- **TASK BRIEF**
Up to and including the line with "unfolding qqd_measure_def qqd_marginal_def", return every line from the start of the entries below exactly.

[Collected data]
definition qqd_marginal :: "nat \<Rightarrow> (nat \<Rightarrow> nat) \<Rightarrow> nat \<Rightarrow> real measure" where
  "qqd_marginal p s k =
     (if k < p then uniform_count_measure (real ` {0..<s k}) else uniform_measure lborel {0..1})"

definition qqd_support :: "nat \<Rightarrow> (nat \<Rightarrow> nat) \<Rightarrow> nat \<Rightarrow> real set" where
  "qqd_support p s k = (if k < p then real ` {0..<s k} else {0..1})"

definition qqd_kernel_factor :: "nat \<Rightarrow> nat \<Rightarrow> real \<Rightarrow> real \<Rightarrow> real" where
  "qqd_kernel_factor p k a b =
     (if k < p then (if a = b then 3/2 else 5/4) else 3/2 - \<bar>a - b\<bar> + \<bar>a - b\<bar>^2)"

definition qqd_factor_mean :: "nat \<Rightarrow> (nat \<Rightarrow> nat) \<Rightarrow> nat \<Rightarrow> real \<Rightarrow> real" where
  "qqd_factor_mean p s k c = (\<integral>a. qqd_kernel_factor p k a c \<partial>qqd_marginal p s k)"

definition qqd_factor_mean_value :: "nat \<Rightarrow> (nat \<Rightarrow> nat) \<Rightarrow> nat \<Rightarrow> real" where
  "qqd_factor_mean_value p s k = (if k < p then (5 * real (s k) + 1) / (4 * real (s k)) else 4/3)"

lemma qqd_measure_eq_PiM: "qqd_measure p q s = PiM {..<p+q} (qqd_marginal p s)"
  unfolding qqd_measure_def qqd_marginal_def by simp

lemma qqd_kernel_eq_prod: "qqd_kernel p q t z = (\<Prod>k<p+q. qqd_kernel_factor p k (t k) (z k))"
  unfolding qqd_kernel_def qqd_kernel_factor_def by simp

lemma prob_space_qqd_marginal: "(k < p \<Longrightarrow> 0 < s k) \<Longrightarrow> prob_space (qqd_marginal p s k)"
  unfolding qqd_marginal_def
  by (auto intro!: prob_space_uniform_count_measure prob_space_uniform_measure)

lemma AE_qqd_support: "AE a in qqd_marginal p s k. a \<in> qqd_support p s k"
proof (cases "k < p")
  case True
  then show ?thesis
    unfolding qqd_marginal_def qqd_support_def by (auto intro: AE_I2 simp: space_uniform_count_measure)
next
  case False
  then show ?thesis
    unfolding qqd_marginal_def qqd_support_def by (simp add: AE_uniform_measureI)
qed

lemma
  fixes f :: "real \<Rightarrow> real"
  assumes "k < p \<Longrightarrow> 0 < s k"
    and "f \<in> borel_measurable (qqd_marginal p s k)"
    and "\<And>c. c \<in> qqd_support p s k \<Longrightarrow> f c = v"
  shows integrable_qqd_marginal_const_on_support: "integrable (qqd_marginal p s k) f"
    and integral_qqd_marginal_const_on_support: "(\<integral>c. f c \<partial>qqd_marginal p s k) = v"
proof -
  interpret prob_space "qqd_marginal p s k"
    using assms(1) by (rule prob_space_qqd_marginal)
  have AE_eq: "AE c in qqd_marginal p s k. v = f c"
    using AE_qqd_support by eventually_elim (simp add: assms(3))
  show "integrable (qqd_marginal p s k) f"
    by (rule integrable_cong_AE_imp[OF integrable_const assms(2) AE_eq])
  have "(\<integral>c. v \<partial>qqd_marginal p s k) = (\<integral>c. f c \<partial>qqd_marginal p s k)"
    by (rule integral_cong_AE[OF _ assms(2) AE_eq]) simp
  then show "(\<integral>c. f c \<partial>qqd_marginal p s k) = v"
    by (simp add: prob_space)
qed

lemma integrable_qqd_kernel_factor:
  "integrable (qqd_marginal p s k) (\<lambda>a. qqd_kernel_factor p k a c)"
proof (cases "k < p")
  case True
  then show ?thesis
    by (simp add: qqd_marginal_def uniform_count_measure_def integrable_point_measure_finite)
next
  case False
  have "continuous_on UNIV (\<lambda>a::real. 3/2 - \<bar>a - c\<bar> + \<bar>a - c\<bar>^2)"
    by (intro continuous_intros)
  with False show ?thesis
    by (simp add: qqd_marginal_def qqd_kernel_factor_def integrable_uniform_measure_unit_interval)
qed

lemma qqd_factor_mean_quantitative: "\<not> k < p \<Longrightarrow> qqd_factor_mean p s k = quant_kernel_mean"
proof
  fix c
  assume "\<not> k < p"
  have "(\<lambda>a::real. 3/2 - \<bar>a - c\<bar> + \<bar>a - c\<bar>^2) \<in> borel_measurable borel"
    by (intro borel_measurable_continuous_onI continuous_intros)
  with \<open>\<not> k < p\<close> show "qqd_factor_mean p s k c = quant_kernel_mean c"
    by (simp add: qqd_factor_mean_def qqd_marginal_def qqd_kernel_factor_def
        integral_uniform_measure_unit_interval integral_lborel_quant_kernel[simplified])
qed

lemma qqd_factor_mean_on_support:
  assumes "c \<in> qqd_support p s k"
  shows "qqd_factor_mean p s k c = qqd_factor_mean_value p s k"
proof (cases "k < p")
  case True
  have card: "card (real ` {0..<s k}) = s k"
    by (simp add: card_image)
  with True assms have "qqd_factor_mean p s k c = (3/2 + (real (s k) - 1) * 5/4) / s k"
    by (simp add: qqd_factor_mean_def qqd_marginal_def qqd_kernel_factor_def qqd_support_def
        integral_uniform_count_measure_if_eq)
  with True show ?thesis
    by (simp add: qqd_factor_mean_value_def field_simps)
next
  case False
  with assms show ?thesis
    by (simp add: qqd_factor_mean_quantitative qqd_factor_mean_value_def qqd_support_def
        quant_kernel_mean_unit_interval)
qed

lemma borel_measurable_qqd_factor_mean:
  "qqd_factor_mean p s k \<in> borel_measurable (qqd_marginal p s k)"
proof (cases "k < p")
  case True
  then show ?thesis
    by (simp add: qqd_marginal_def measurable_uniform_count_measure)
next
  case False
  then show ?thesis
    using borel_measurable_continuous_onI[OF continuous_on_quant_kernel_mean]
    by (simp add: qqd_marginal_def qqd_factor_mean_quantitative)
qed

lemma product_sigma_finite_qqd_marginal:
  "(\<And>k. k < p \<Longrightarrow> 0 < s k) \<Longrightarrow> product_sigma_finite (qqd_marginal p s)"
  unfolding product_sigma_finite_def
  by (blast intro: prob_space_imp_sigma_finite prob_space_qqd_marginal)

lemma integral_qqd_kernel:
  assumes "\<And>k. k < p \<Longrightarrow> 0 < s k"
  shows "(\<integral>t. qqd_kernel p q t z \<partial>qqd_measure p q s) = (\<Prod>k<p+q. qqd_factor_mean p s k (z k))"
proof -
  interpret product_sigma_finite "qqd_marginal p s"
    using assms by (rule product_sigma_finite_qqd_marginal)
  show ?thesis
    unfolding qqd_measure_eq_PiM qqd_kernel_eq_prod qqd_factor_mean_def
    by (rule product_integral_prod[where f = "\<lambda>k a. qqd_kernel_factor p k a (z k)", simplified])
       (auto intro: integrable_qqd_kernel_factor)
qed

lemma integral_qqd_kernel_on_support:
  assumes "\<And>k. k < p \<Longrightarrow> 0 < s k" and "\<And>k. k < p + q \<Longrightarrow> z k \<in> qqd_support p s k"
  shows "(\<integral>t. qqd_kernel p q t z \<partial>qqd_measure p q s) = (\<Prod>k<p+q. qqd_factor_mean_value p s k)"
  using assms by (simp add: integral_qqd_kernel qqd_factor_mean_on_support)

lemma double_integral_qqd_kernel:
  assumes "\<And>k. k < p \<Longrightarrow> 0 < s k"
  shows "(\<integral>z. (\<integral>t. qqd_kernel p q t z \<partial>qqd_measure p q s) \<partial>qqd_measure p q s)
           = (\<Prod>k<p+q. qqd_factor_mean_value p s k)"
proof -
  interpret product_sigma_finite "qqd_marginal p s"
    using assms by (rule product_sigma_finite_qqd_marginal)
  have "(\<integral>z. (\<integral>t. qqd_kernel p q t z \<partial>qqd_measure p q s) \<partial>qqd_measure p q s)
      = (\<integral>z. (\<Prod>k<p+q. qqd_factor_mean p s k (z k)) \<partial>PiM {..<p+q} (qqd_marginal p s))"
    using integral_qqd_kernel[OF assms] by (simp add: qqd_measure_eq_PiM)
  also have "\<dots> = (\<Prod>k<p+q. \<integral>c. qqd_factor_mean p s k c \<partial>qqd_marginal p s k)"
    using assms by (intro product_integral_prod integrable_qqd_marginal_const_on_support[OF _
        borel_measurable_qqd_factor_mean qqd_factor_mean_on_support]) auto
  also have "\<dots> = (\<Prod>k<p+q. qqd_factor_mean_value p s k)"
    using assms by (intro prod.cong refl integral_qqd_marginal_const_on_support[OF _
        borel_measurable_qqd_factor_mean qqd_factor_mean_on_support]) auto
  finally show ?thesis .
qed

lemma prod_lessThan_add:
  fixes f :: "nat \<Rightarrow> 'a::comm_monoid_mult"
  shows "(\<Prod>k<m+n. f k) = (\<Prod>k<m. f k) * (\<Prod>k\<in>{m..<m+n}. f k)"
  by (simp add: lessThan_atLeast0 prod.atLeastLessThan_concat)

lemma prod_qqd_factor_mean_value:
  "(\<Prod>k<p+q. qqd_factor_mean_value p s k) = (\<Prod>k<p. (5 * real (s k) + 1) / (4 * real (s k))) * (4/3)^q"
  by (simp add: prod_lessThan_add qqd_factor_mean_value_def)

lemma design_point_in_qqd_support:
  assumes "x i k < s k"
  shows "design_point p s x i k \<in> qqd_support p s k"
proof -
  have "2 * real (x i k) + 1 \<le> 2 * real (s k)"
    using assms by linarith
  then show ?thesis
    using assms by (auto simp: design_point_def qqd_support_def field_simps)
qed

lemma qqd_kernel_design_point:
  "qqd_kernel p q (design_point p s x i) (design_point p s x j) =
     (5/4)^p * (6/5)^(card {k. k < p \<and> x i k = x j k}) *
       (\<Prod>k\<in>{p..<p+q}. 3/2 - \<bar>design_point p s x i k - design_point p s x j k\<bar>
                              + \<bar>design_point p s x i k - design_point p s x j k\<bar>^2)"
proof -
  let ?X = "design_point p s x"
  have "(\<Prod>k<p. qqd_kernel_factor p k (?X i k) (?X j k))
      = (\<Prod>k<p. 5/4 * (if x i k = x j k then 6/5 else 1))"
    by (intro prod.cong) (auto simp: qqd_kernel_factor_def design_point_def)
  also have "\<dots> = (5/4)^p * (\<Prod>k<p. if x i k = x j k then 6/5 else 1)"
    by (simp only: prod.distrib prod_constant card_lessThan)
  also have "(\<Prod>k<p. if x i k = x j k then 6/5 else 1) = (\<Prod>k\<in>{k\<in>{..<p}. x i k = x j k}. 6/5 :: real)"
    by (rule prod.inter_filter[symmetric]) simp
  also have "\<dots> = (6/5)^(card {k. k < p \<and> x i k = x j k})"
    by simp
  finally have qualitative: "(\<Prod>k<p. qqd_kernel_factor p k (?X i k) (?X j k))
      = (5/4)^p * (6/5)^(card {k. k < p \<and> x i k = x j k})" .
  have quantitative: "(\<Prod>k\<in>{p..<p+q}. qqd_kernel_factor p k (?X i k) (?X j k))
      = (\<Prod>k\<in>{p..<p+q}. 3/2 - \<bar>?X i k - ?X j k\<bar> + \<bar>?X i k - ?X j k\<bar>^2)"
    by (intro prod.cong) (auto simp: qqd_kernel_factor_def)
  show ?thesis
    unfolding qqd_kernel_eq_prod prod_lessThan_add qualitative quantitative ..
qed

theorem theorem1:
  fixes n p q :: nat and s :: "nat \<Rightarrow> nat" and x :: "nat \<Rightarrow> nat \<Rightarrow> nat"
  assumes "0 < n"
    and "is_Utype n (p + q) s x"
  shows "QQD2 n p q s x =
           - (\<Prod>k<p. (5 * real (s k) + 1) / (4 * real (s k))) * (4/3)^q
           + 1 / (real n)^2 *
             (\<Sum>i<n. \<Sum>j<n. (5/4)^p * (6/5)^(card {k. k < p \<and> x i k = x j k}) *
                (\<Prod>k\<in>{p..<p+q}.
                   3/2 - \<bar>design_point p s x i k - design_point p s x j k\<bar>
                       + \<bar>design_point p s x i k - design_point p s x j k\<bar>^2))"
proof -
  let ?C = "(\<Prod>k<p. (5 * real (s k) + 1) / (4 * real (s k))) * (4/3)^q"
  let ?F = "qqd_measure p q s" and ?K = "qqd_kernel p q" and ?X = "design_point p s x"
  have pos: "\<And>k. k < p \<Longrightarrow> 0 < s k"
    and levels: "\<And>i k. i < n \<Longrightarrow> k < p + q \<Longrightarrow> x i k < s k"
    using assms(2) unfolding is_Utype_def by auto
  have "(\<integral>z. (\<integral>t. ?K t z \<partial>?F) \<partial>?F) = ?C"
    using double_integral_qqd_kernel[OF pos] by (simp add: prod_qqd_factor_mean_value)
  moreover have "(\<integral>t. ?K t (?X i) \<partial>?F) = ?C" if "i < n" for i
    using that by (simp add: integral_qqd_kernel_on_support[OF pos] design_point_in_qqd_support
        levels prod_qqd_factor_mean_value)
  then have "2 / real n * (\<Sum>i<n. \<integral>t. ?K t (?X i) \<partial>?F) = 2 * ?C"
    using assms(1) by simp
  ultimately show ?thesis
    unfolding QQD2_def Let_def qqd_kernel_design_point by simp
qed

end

- **SOLUTION TO THE PROBLEM**
definition qqd_marginal :: "nat \<Rightarrow> (nat \<Rightarrow> nat) \<Rightarrow> nat \<Rightarrow> real measure" where
  "qqd_marginal p s k =
     (if k < p then uniform_count_measure (real ` {0..<s k}) else uniform_measure lborel {0..1})"

definition qqd_support :: "nat \<Rightarrow> (nat \<Rightarrow> nat) \<Rightarrow> nat \<Rightarrow> real set" where
  "qqd_support p s k = (if k < p then real ` {0..<s k} else {0..1})"

definition qqd_kernel_factor :: "nat \<Rightarrow> nat \<Rightarrow> real \<Rightarrow> real \<Rightarrow> real" where
  "qqd_kernel_factor p k a b =
     (if k < p then (if a = b then 3/2 else 5/4) else 3/2 - \<bar>a - b\<bar> + \<bar>a - b\<bar>^2)"

definition qqd_factor_mean :: "nat \<Rightarrow> (nat \<Rightarrow> nat) \<Rightarrow> nat \<Rightarrow> real \<Rightarrow> real" where
  "qqd_factor_mean p s k c = (\<integral>a. qqd_kernel_factor p k a c \<partial>qqd_marginal p s k)"

definition qqd_factor_mean_value :: "nat \<Rightarrow> (nat \<Rightarrow> nat) \<Rightarrow> nat \<Rightarrow> real" where
  "qqd_factor_mean_value p s k = (if k < p then (5 * real (s k) + 1) / (4 * real (s k)) else 4/3)"

lemma qqd_measure_eq_PiM: "qqd_measure p q s = PiM {..<p+q} (qqd_marginal p s)"
  unfolding qqd_measure_def qqd_marginal_def by simp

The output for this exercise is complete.